A Bayesian classifier that can use any distribution for the class-conditional densities.

Parameters
----------
distribution_factory : Callable[[], Distribution]
A callable that returns an instance of a `Distribution` class. This is used to create the density estimators
for each class.

Attributes
----------
distribution_factory : Callable[[], Distribution]
The callable that returns an instance of a `Distribution` class.
dists_ : list[Distribution]
A list of density estimators, one for each class.
n_classes_ : int
The number of classes in the training data.

Methods
-------
fit(X, y)
Fit the classifier to the training data.
predict_proba(X, class_weight=1.0)
Predict the class probabilities for the given test data.
predict(X, class_weight=1.0)
Predict the class labels for the given test data.
"""

def __init__(self, distribution_factory: Callable[[], Distribution]):
...

def fit(
self, X: NDArray[Shape["N, D"], Number], y: NDArray[Shape["N"], Int]
) -> Self:
"""
Fit the classifier to the training data.

Parameters
----------
X : numpy.ndarray, shape (N, D)
The training data, where N is the number of samples and D is the number of features.
y : numpy.ndarray, shape (N,)
The class labels for each sample.
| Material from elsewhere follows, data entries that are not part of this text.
definition mat_dist :: "bool list list \<Rightarrow> bool list list \<Rightarrow> nat" where
  "mat_dist M N = (\<Sum>j<length M. hamming (M ! j) (N ! j))"

definition qwords :: "nat \<Rightarrow> nat \<Rightarrow> nat list set" where
  "qwords q n = {x. length x = n \<and> (\<forall>a\<in>set x. a < q)}"

text \<open>Maximum cardinality of a nonempty subset of X with pairwise distances
  at least delta (0 if X is empty, by the convention Sup {} = 0 on nat).\<close>
definition max_code :: "'a set \<Rightarrow> ('a \<Rightarrow> 'a \<Rightarrow> nat) \<Rightarrow> nat \<Rightarrow> nat" where
  "max_code X dist delta = Sup (card ` {S. S \<subseteq> X \<and> S \<noteq> {} \<and>
      (\<forall>x\<in>S. \<forall>y\<in>S. x \<noteq> y \<longrightarrow> delta \<le> dist x y)})"

definition A :: "nat \<Rightarrow> nat \<Rightarrow> nat \<Rightarrow> nat \<Rightarrow> nat" where
  "A m n w d = max_code (Jpow m n w) mat_dist (2 * d)"

definition B :: "nat \<Rightarrow> nat \<Rightarrow> nat \<Rightarrow> nat" where
  "B N W d = max_code (J N W) hamming (2 * d)"

definition C :: "nat \<Rightarrow> nat \<Rightarrow> nat \<Rightarrow> nat" where
  "C q n d = max_code (qwords q n) hamming d"

end

theory Submission
  imports Defs
begin

text \<open>Each inequality comes from an injective map between the ambient spaces that does not
  decrease the distance (after scaling the threshold), so it carries codes to codes of the
  same size.
  Grouping the columns of an \<open>m' \<times> an\<close> matrix into blocks of \<open>a\<close> consecutive columns and
  stacking each block on top of a fixed padding column with \<open>m - am'\<close> entries and
  \<open>w - aw'\<close> ones gives an \<open>m \<times> n\<close> matrix with columns of weight \<open>w\<close>, at the same distance.
  Replacing each symbol \<open>s\<close> of a \<open>q\<close>-ary word by the \<open>s\<close>-th unit column of height \<open>q\<close>
  doubles distances, so \<open>C(q,nw,d) \<le> A(q,wn,1,d)\<close>; grouping with \<open>a = w\<close>, \<open>m' = \<lfloor>m/w\<rfloor>\<close>,
  \<open>w' = 1\<close> then gives the lower bound. Concatenating the columns of a matrix is an
  isometry into \<open>J(mn,nw)\<close>, which gives the upper bound.\<close>

lemma card_le_max_code:
  assumes "finite X" "S \<subseteq> X" "S \<noteq> {}" "\<forall>x\<in>S. \<forall>y\<in>S. x \<noteq> y \<longrightarrow> \<delta> \<le> dist x y"
  shows "card S \<le> max_code X dist \<delta>"
proof -
  let ?codes = "{S. S \<subseteq> X \<and> S \<noteq> {} \<and> (\<forall>x\<in>S. \<forall>y\<in>S. x \<noteq> y \<longrightarrow> \<delta> \<le> dist x y)}"
  have "finite (card ` ?codes)"
    using \<open>finite X\<close> by (intro finite_imageI) (rule finite_subset[of _ "Pow X"]; auto)
  moreover have "card S \<in> card ` ?codes"
    using assms(2-4) by blast
  ultimately show ?thesis
    unfolding max_code_def by (simp add: le_cSup_finite)
qed

lemma max_code_le_embedding:
  assumes "finite Y" and "f ` X \<subseteq> Y" and "\<And>z. d2 z z < \<delta>'"
    and "\<And>x y. \<lbrakk>x \<in> X; y \<in> X; x \<noteq> y; \<delta> \<le> d1 x y\<rbrakk> \<Longrightarrow> \<delta>' \<le> d2 (f x) (f y)"
  shows "max_code X d1 \<delta> \<le> max_code Y d2 \<delta>'"
proof -
  let ?codes = "{S. S \<subseteq> X \<and> S \<noteq> {} \<and> (\<forall>x\<in>S. \<forall>y\<in>S. x \<noteq> y \<longrightarrow> \<delta> \<le> d1 x y)}"
  have bound: "card S \<le> max_code Y d2 \<delta>'" if S: "S \<in> ?codes" for S
  proof -
    have separated: "\<delta>' \<le> d2 (f x) (f y)" if "x \<in> S" "y \<in> S" "x \<noteq> y" for x y
      using S that assms(4) by blast
    \<comment> \<open>separation forces \<open>f x \<noteq> f y\<close>, because \<open>d2\<close> stays below \<open>\<delta>'\<close> on the diagonal\<close>
    have inj: "inj_on f S"
    proof (rule inj_onI, rule ccontr)
      fix x y assume "x \<in> S" "y \<in> S" "f x = f y" "x \<noteq> y"
      then show False
        using separated[of x y] assms(3)[of "f x"] by simp
    qed
    have "\<delta>' \<le> d2 u v" if uv: "u \<in> f ` S" "v \<in> f ` S" "u \<noteq> v" for u v
    proof -
      obtain x y where "x \<in> S" "y \<in> S" "u = f x" "v = f y"
        using uv(1,2) by blast
      with uv(3) show ?thesis
        using separated by blast
    qed
    moreover have "f ` S \<subseteq> Y" "f ` S \<noteq> {}"
      using S assms(2) by auto
    ultimately have "card (f ` S) \<le> max_code Y d2 \<delta>'"
      using \<open>finite Y\<close> by (intro card_le_max_code) auto
    with inj show ?thesis
      by (simp add: card_image)
  qed
  show ?thesis
  proof (cases "?codes = {}")
    case True
    then show ?thesis
      unfolding max_code_def by (simp add: Sup_nat_def)
  next
    case False
    then show ?thesis
      unfolding max_code_def by (intro cSup_least) (auto intro: bound[unfolded max_code_def])
  qed
qed

lemma hamming_eq_sum: "hamming xs ys = (\<Sum>i<length xs. if xs ! i \<noteq> ys ! i then 1 else 0)"
proof -
  have "hamming xs ys = (\<Sum>i\<in>{i\<in>{..<length xs}. xs ! i \<noteq> ys ! i}. 1)"
    unfolding hamming_def by (simp add: lessThan_def conj_commute)
  also have "\<dots> = (\<Sum>i<length xs. if xs ! i \<noteq> ys ! i then 1 else 0)"
    by (rule sum.inter_filter) simp
  finally show ?thesis .
qed

lemma hamming_Nil [simp]: "hamming [] ys = 0"
  by (simp add: hamming_def)

lemma hamming_Cons [simp]: "hamming (x # xs) (y # ys) = (if x \<noteq> y then 1 else 0) + hamming xs ys"
  by (simp only: hamming_eq_sum length_Cons sum.lessThan_Suc_shift) simp

lemma hamming_self [simp]: "hamming xs xs = 0"
  by (simp add: hamming_def)

lemma hamming_append:
  "length xs = length xs' \<Longrightarrow> hamming (xs @ ys) (xs' @ ys') = hamming xs xs' + hamming ys ys'"
  by (induction xs xs' rule: list_induct2) auto

lemma mat_dist_Nil [simp]: "mat_dist [] N = 0"
  by (simp add: mat_dist_def)

lemma mat_dist_Cons [simp]: "mat_dist (c # M) (c' # N) = hamming c c' + mat_dist M N"
  by (simp only: mat_dist_def length_Cons sum.lessThan_Suc_shift) simp

lemma mat_dist_self [simp]: "mat_dist M M = 0"
  by (simp add: mat_dist_def)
The labels are assumed to start from 0 without gaps

Returns
-------
self : AnyBayesClassifier
The fitted `AnyBayesClassifier` instance.
"""
...

def predict_proba(
self,
X: NDArray[Shape["N, D"], Number],
class_weight: list[float] | float = 1.0,
) -> NDArray[Shape["N, C"], Float]:
"""
Predict the class probabilities for the given test data.

Parameters
----------
X : numpy.ndarray, shape (N, D)
The test data, where N is the number of samples and D is the number of features.
class_weight : float or list[float], optional
The weight of each class. If a float is given, it is used as the weight for all classes.
If a list is given, it must have the same length as the number of classes.

Returns
-------
probs : numpy.ndarray, shape (N, C)
The predicted class probabilities for each sample, where C is the number of classes.
"""
...

def predict(
self,
X: NDArray[Shape["N, D"], Number],
class_weight: list[float] | float = 1.0,
) -> NDArray[Shape["N"], Int]:
"""
Predict the class labels for the given test data.

Parameters
----------
X : numpy.ndarray, shape (N, D)
The test data, where N is the number of samples and D is the number of features.
class_weight : float or list[float], optional
The weight of each class. If a float is given, it is used as the weight for all classes.
If a list is given, it must have the same length as the number of classes.

Returns
-------
labels : numpy.ndarray, shape (N,)
The predicted class labels for each sample.
"""
...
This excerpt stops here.